## Material provided:
__________________________________________________
lemma block_singular_pair_Fmat:
  fixes A :: "nat \<Rightarrow> complex mat" and \<gamma> \<sigma> :: real and u v :: "complex vec"
  assumes \<gamma>: "\<gamma> > 0" and \<sigma>: "\<sigma> > 0" and det: "det (divdiff n m A \<mu>1 \<mu>2) \<noteq> 0"
    and u: "u \<in> carrier_vec (2 * n)" and v: "v \<in> carrier_vec (2 * n)" and u_nonzero: "u \<noteq> 0\<^sub>v (2 * n)"
    and right: "Fmat n m A \<mu>1 \<mu>2 \<gamma> *\<^sub>v v = complex_of_real \<sigma> \<cdot>\<^sub>v u"
    and left: "mat_adjoint (Fmat n m A \<mu>1 \<mu>2 \<gamma>) *\<^sub>v u = complex_of_real \<sigma> \<cdot>\<^sub>v v"
  shows "block_singular_pair n (mpoly_eval n m A \<mu>1) (mpoly_eval n m A \<mu>2) (divdiff n m A \<mu>1 \<mu>2)
           (1 / (\<mu>1 - \<mu>2)) \<gamma> \<sigma> (vec_first u n) (vec_last u n) (vec_first v n) (vec_last v n)"
proof -
  define P1 P2 D where "P1 = mpoly_eval n m A \<mu>1" and "P2 = mpoly_eval n m A \<mu>2"
    and "D = divdiff n m A \<mu>1 \<mu>2"
  define a b c d where "a = vec_first u n" and "b = vec_last u n"
    and "c = vec_first v n" and "d = vec_last v n"
  have P1: "P1 \<in> carrier_mat n n" and P2: "P2 \<in> carrier_mat n n"
    unfolding P1_def P2_def mpoly_eval_def by auto
  have D_eq: "D = (1 / (\<mu>1 - \<mu>2)) \<cdot>\<^sub>m (P1 - P2)" unfolding D_def P1_def P2_def divdiff_def ..
  have D: "D \<in> carrier_mat n n" unfolding D_eq using P2 by (simp add: minus_carrier_mat)
  have gD: "complex_of_real \<gamma> \<cdot>\<^sub>m D \<in> carrier_mat n n" using D by simp
  have Z: "0\<^sub>m n n \<in> carrier_mat n n" by simp
  have F: "Fmat n m A \<mu>1 \<mu>2 \<gamma> = four_block_mat P1 (0\<^sub>m n n) (complex_of_real \<gamma> \<cdot>\<^sub>m D) P2"
    unfolding Fmat_def P1_def P2_def D_def ..
  have a: "a \<in> carrier_vec n" and b: "b \<in> carrier_vec n" and c: "c \<in> carrier_vec n" and d: "d \<in> carrier_vec n"
    unfolding a_def b_def c_def d_def by simp_all
  have uab: "u = a @\<^sub>v b" and vcd: "v = c @\<^sub>v d"
    unfolding a_def b_def c_def d_def using u v by (simp_all add: mult_2)
  have "four_block_mat P1 (0\<^sub>m n n) (complex_of_real \<gamma> \<cdot>\<^sub>m D) P2 *\<^sub>v (c @\<^sub>v d)
      = (complex_of_real \<sigma> \<cdot>\<^sub>v a) @\<^sub>v (complex_of_real \<sigma> \<cdot>\<^sub>v b)"
    using right unfolding F uab vcd smult_append_vec[OF a b] .
  from four_block_mat_mult_append_vec_eq[OF P1 Z gD P2 c d _ this]
  have right1: "P1 *\<^sub>v c = complex_of_real \<sigma> \<cdot>\<^sub>v a"
    and right2: "complex_of_real \<gamma> \<cdot>\<^sub>v (D *\<^sub>v c) + P2 *\<^sub>v d = complex_of_real \<sigma> \<cdot>\<^sub>v b"
    using P1 D a c d by (simp_all add: smult_mat_mult_vec[of _ n n] zero_mat_mult_vec)
  have adj_P1: "mat_adjoint P1 \<in> carrier_mat n n" and adj_P2: "mat_adjoint P2 \<in> carrier_mat n n"
    and adj_gD: "mat_adjoint (complex_of_real \<gamma> \<cdot>\<^sub>m D) \<in> carrier_mat n n"
    and adj_Z: "mat_adjoint (0\<^sub>m n n :: complex mat) \<in> carrier_mat n n"
    using P1 P2 gD by simp_all
  have "four_block_mat (mat_adjoint P1) (mat_adjoint (complex_of_real \<gamma> \<cdot>\<^sub>m D)) (mat_adjoint (0\<^sub>m n n))
        (mat_adjoint P2) *\<^sub>v (a @\<^sub>v b) = (complex_of_real \<sigma> \<cdot>\<^sub>v c) @\<^sub>v (complex_of_real \<sigma> \<cdot>\<^sub>v d)"
    using left unfolding F uab vcd smult_append_vec[OF c d] mat_adjoint_four_block_mat[OF P1 Z gD P2] .
  from four_block_mat_mult_append_vec_eq[OF adj_P1 adj_gD adj_Z adj_P2 a b _ this]
  have left1: "mat_adjoint P1 *\<^sub>v a + cnj \<gamma> \<cdot>\<^sub>v (mat_adjoint D *\<^sub>v b) = complex_of_real \<sigma> \<cdot>\<^sub>v c"
    and left2: "mat_adjoint P2 *\<^sub>v b = complex_of_real \<sigma> \<cdot>\<^sub>v d"
    using D a b c mult_mat_vec_carrier[OF adj_P2 b]
    by (simp_all add: mat_adjoint_smult_mat mat_adjoint_zero_mat smult_mat_mult_vec[of _ n n] zero_mat_mult_vec)
  have "a \<noteq> 0\<^sub>v n \<or> b \<noteq> 0\<^sub>v n"
  proof (rule ccontr)
    assume "\<not> ?thesis"
    hence "u = 0\<^sub>v n @\<^sub>v 0\<^sub>v n" unfolding uab by simp
    also have "\<dots> = 0\<^sub>v (2 * n)" by (intro eq_vecI) auto
    finally show False using u_nonzero by contradiction
  qed
  with P1 P2 a b c d D_eq det \<gamma> \<sigma> right1 right2 left1 left2 show ?thesis
    unfolding P1_def P2_def D_def a_def b_def c_def d_def by unfold_locales auto
qed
__________________________________________________
## Work required:
In the listing above, show every line with the word "from".

## Solution to the problem:
  from four_block_mat_mult_append_vec_eq[OF P1 Z gD P2 c d _ this]
  from four_block_mat_mult_append_vec_eq[OF adj_P1 adj_gD adj_Z adj_P2 a b _ this]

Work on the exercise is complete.